(* Let $\mathbf S=\operatorname{diag}(\lambda_i)_{i=1}^d$, $\mathbf M=\operatorname{diag}(m_i)_{i=1}^d$ with $\lambda_i,m_i>0$, $\mathbf R=\operatorname{diag}(r_i)_{i=1}^d$ with $r_i\ge0$, $\sigma>0$, $n\ge1$, and set $\mathbf R'=\mathbf M^{-1/2}\mathbf R\mathbf M^{-1/2}$, $\mathbf S'=\mathbf M^{-1/2}\mathbf S\mathbf M^{-1/2}$. For $\tau\ge0$ let $\mathbb K_\tau=\{k\in[d]:r_k/m_k>\tau^2\}$. Then $$\inf_{\mathbf A\in\mathbb R^{d\times d}}\frac1{\pi^2}\|(\mathbf I-\mathbf A)^\top\mathbf R'(\mathbf I-\mathbf A)\|+\frac{\sigma^2}{n}\langle\mathbf R',\mathbf A(\mathbf S')^{-1}\mathbf A^\top\rangle=\inf_{\tau\ge0}\Big[\frac{\tau^2}{\pi^2}+\sum_{i\in\mathbb K_\tau}\Big(1-\tau\sqrt{\tfrac{m_i}{r_i}}\Big)^2\frac{\sigma^2r_i}{n\lambda_i}\Big]\ \ge\ \frac14\inf_{\tau\ge0}\Big[\frac{\tau^2}{\pi^2}+\sum_{i\in\mathbb K_\tau}\frac{\sigma^2r_i}{n\lambda_i}\Big].$$
   Context: $\|\cdot\|$ is the spectral norm and $\langle\mathbf A,\mathbf B\rangle=\operatorname{tr}(\mathbf A^\top\mathbf B)$; $[d]=\{1,\dots,d\}$. *)

theory Defs
  imports "HOL-Analysis.Analysis"
begin

definition diag_mat :: "('n::finite \<Rightarrow> real) \<Rightarrow> real^'n^'n" where
  "diag_mat f = (\<chi> i j. if i = j then f i else 0)"

definition spec_norm :: "real^'n::finite^'m::finite \<Rightarrow> real" where
  "spec_norm A = onorm (\<lambda>x. A *v x)"

definition frob_inner :: "real^'n::finite^'n \<Rightarrow> real^'n^'n \<Rightarrow> real" where
  "frob_inner A B = trace (transpose A ** B)"

end

theory Submission imports Defs begin

(* After the change of variables, R' = diag(rho) with rho_i = r_i/m_i and (S')^-1 = diag(m/lambda),
   so the problem is diagonal. For any A put tau^2 = ||(I - A)^T R' (I - A)||: its diagonal entries
   give rho_i (1 - A_ii)^2 <= tau^2, hence A_ii^2 >= (1 - tau/sqrt rho_i)^2 whenever rho_i > tau^2,
   and discarding the off-diagonal entries of the variance term shows that A costs at least the
   right-hand side at tau. Conversely the diagonal shrinkage A_ii = (1 - tau/sqrt rho_i)^+ attains
   it. For the factor 1/4, compare with the hard-threshold profile at 2 tau: every index retained
   there has shrinkage factor 1 - tau/sqrt rho_i >= 1/2. *)

lemma diag_mat_nth: "diag_mat f $ i $ j = (if i = j then f i else 0)"
  by (simp add: diag_mat_def)

lemma diag_mat_mult_left: "(diag_mat f ** X) $ i $ j = f i * X $ i $ j"
proof -
  have "(\<Sum>k\<in>UNIV. (if i = k then f i else 0) * X $ k $ j) = (\<Sum>k\<in>UNIV. if k = i then f i * X $ i $ j else 0)"
    by (rule sum.cong) auto
  then show ?thesis by (simp add: diag_mat_def matrix_matrix_mult_def)
qed

lemma diag_mat_mult_right: "(X ** diag_mat f) $ i $ j = X $ i $ j * f j"
proof -
  have "(\<Sum>k\<in>UNIV. X $ i $ k * (if k = j then f k else 0)) = (\<Sum>k\<in>UNIV. if k = j then X $ i $ j * f j else 0)"
    by (rule sum.cong) auto
  then show ?thesis by (simp add: diag_mat_def matrix_matrix_mult_def)
qed

lemma diag_mat_mult_diag_mat: "diag_mat f ** diag_mat g = diag_mat (\<lambda>i. f i * g i)"
  by (simp add: vec_eq_iff diag_mat_mult_left diag_mat_nth)

lemma transpose_diag_mat [simp]: "transpose (diag_mat f) = diag_mat f"
  by (simp add: vec_eq_iff transpose_def diag_mat_nth)

lemma mat_1_minus_diag_mat: "mat 1 - diag_mat f = diag_mat (\<lambda>i. 1 - f i)"
  by (simp add: vec_eq_iff mat_def diag_mat_nth)

lemma diag_mat_inv_sqrt_congruence:
  assumes "\<And>i. 0 < m i"
  shows "diag_mat (\<lambda>i. 1 / sqrt (m i)) ** diag_mat f ** diag_mat (\<lambda>i. 1 / sqrt (m i))
       = diag_mat (\<lambda>i. f i / m i)"
proof -
  have "1 / sqrt (m i) * f i * (1 / sqrt (m i)) = f i / m i" for i
    using assms[of i] by (simp add: field_simps)
  then show ?thesis
    unfolding diag_mat_mult_diag_mat by (simp only:)
qed

lemma diag_mat_mult_vec: "diag_mat f *v x = (\<chi> i. f i * x $ i)"
proof -
  have "\<And>i. (\<Sum>j\<in>UNIV. (if i = j then f i else 0) * x $ j) = (\<Sum>j\<in>UNIV. if j = i then f i * x $ i else 0)"
    by (rule sum.cong) auto
  then show ?thesis by (simp add: vec_eq_iff matrix_vector_mult_def diag_mat_def)
qed

lemma matrix_inv_eqI:
  fixes A B :: "'a::comm_ring_1^'n^'n"
  assumes "A ** B = mat 1" and "B ** A = mat 1"
  shows "matrix_inv A = B"
proof -
  let ?P = "\<lambda>B'. A ** B' = mat 1 \<and> B' ** A = mat 1"
  have "?P (SOME B'. ?P B')"
    using someI[of ?P B] assms by blast
  then have "(SOME B'. ?P B') = (B ** A) ** (SOME B'. ?P B')"
    using assms by simp
  also have "\<dots> = B"
    using \<open>?P (SOME B'. ?P B')\<close> by (simp add: matrix_mul_assoc[symmetric])
  finally show ?thesis
    unfolding matrix_inv_def by simp
qed

lemma matrix_inv_diag_mat:
  assumes "\<And>i. f i \<noteq> (0::real)"
  shows "matrix_inv (diag_mat f) = diag_mat (\<lambda>i. 1 / f i)"
  using assms
  by (intro matrix_inv_eqI) (simp_all add: diag_mat_mult_diag_mat vec_eq_iff diag_mat_nth mat_def)

lemma spec_norm_diag_mat_le:
  assumes "\<And>i. \<bar>f i\<bar> \<le> b"
  shows "spec_norm (diag_mat f) \<le> b"
  unfolding spec_norm_def
proof (rule onorm_le)
  fix x :: "real^'a"
  have "b \<ge> 0" using assms[of undefined] by simp
  have "norm (diag_mat f *v x) \<le> norm (b *s x)"
    by (rule norm_le_componentwise_cart)
      (simp add: diag_mat_mult_vec abs_mult mult_right_mono assms \<open>b \<ge> 0\<close>)
  also have "\<dots> = b * norm x"
    using \<open>b \<ge> 0\<close> by (simp add: scalar_mult_eq_scaleR)
  finally show "norm (diag_mat f *v x) \<le> b * norm x" .
qed

lemma diagonal_entry_le_spec_norm: "B $ i $ i \<le> spec_norm (B::real^'n::finite^'n)"
proof -
  have "(\<Sum>j\<in>UNIV. B $ i $ j * (if j = i then 1 else 0)) = (\<Sum>j\<in>UNIV. if j = i then B $ i $ i else 0)"
    by (rule sum.cong) auto
  then have "B $ i $ i = (B *v axis i 1) $ i"
    by (simp add: matrix_vector_mult_def axis_def)
  also have "\<dots> \<le> norm (B *v axis i 1)"
    by (metis component_le_norm_cart abs_le_D1)
  also have "\<dots> \<le> spec_norm B * norm (axis i (1::real))"
    unfolding spec_norm_def by (rule onorm[OF matrix_vector_mul_bounded_linear])
  finally show ?thesis by simp
qed

lemma spec_norm_nonneg: "0 \<le> spec_norm (B::real^'n::finite^'m::finite)"
  unfolding spec_norm_def by (rule onorm_pos_le[OF matrix_vector_mul_bounded_linear])

lemma diag_mat_congruence_nth:
  "(transpose C ** diag_mat \<rho> ** C) $ i $ i = (\<Sum>k\<in>UNIV. \<rho> k * (C $ k $ i)\<^sup>2)"
  unfolding matrix_matrix_mult_def[of "transpose C ** diag_mat \<rho>"]
  by (simp add: diag_mat_mult_right transpose_def power2_eq_square mult_ac)

lemma frob_inner_diag_mat_congruence:
  "frob_inner (diag_mat \<rho>) (A ** diag_mat \<mu> ** transpose A)
     = (\<Sum>i\<in>UNIV. \<rho> i * (\<Sum>j\<in>UNIV. (A $ i $ j)\<^sup>2 * \<mu> j))"
proof -
  have "(A ** diag_mat \<mu> ** transpose A) $ i $ i = (\<Sum>j\<in>UNIV. (A $ i $ j)\<^sup>2 * \<mu> j)" for i
    by (simp add: matrix_matrix_mult_def[of "A ** diag_mat \<mu>"] diag_mat_mult_right transpose_def
        power2_eq_square mult_ac)
  then show ?thesis
    unfolding frob_inner_def trace_def transpose_diag_mat diag_mat_mult_left by simp
qed

lemma frob_inner_diag_mat: "frob_inner (diag_mat f) (diag_mat g) = (\<Sum>i\<in>UNIV. f i * g i)"
  by (simp add: frob_inner_def trace_def diag_mat_mult_diag_mat diag_mat_nth)

definition bias_variance_objective ::
    "real \<Rightarrow> real \<Rightarrow> ('n::finite \<Rightarrow> real) \<Rightarrow> ('n \<Rightarrow> real) \<Rightarrow> real^'n^'n \<Rightarrow> real" where
  "bias_variance_objective a c \<rho> \<mu> A =
     a * spec_norm (transpose (mat 1 - A) ** diag_mat \<rho> ** (mat 1 - A))
     + c * frob_inner (diag_mat \<rho>) (A ** diag_mat \<mu> ** transpose A)"

definition shrinkage_risk :: "real \<Rightarrow> ('n::finite \<Rightarrow> real) \<Rightarrow> ('n \<Rightarrow> real) \<Rightarrow> real \<Rightarrow> real" where
  "shrinkage_risk a \<rho> w \<tau> = a * \<tau>\<^sup>2 + (\<Sum>i | \<rho> i > \<tau>\<^sup>2. (1 - \<tau> / sqrt (\<rho> i))\<^sup>2 * w i)"

definition threshold_risk :: "real \<Rightarrow> ('n::finite \<Rightarrow> real) \<Rightarrow> ('n \<Rightarrow> real) \<Rightarrow> real \<Rightarrow> real" where
  "threshold_risk a \<rho> w \<tau> = a * \<tau>\<^sup>2 + (\<Sum>i | \<rho> i > \<tau>\<^sup>2. w i)"

lemma shrinkage_risk_nonneg:
  assumes "0 \<le> a" and "\<And>i. 0 \<le> w i"
  shows "0 \<le> shrinkage_risk a \<rho> w \<tau>"
  unfolding shrinkage_risk_def using assms by (intro add_nonneg_nonneg sum_nonneg) auto

lemma threshold_risk_nonneg:
  assumes "0 \<le> a" and "\<And>i. 0 \<le> w i"
  shows "0 \<le> threshold_risk a \<rho> w \<tau>"
  unfolding threshold_risk_def using assms by (intro add_nonneg_nonneg sum_nonneg) auto

lemma shrinkage_factor_sq_le:
  fixes \<tau> \<rho> x :: real
  assumes "0 \<le> \<tau>" and "\<tau>\<^sup>2 < \<rho>" and "\<rho> * (1 - x)\<^sup>2 \<le> \<tau>\<^sup>2"
  shows "(1 - \<tau> / sqrt \<rho>)\<^sup>2 \<le> x\<^sup>2"
proof -
  have "\<tau> < sqrt \<rho>" using assms(2) by (rule real_less_rsqrt)
  then have "0 < sqrt \<rho>" using assms(1) by linarith
  have "sqrt \<rho> * \<bar>1 - x\<bar> \<le> \<tau>"
    using real_sqrt_le_mono[OF assms(3)] assms(1) by (simp add: real_sqrt_mult)
  then have "\<bar>1 - x\<bar> \<le> \<tau> / sqrt \<rho>"
    using \<open>0 < sqrt \<rho>\<close> by (simp add: pos_le_divide_eq mult.commute)
  moreover have "\<tau> / sqrt \<rho> < 1"
    using \<open>\<tau> < sqrt \<rho>\<close> \<open>0 < sqrt \<rho>\<close> by simp
  ultimately show ?thesis
    by (intro power_mono) auto
qed

lemma shrinkage_factor_sq_ge_quarter:
  fixes \<tau> \<rho> :: real
  assumes "0 \<le> \<tau>" and "4 * \<tau>\<^sup>2 < \<rho>"
  shows "1 / 4 \<le> (1 - \<tau> / sqrt \<rho>)\<^sup>2"
proof -
  have "2 * \<tau> < sqrt \<rho>"
    using assms(2) by (intro real_less_rsqrt) (simp add: power_mult_distrib)
  then have "0 < sqrt \<rho>" using assms(1) by linarith
  then have "\<tau> / sqrt \<rho> < 1 / 2"
    using \<open>2 * \<tau> < sqrt \<rho>\<close> by (simp add: divide_less_eq)
  moreover have "0 \<le> \<tau> / sqrt \<rho>" using assms(1) \<open>0 < sqrt \<rho>\<close> by simp
  ultimately have "(1 / 2)\<^sup>2 \<le> (1 - \<tau> / sqrt \<rho>)\<^sup>2"
    by (intro power_mono) auto
  then show ?thesis by (simp add: power_divide)
qed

____

WHAT IS NEEDED = If a line of the records above holds the word "theory", show it.

SOLUTION FOR THIS EXERCISE =
theory Defs
theory Submission imports Defs begin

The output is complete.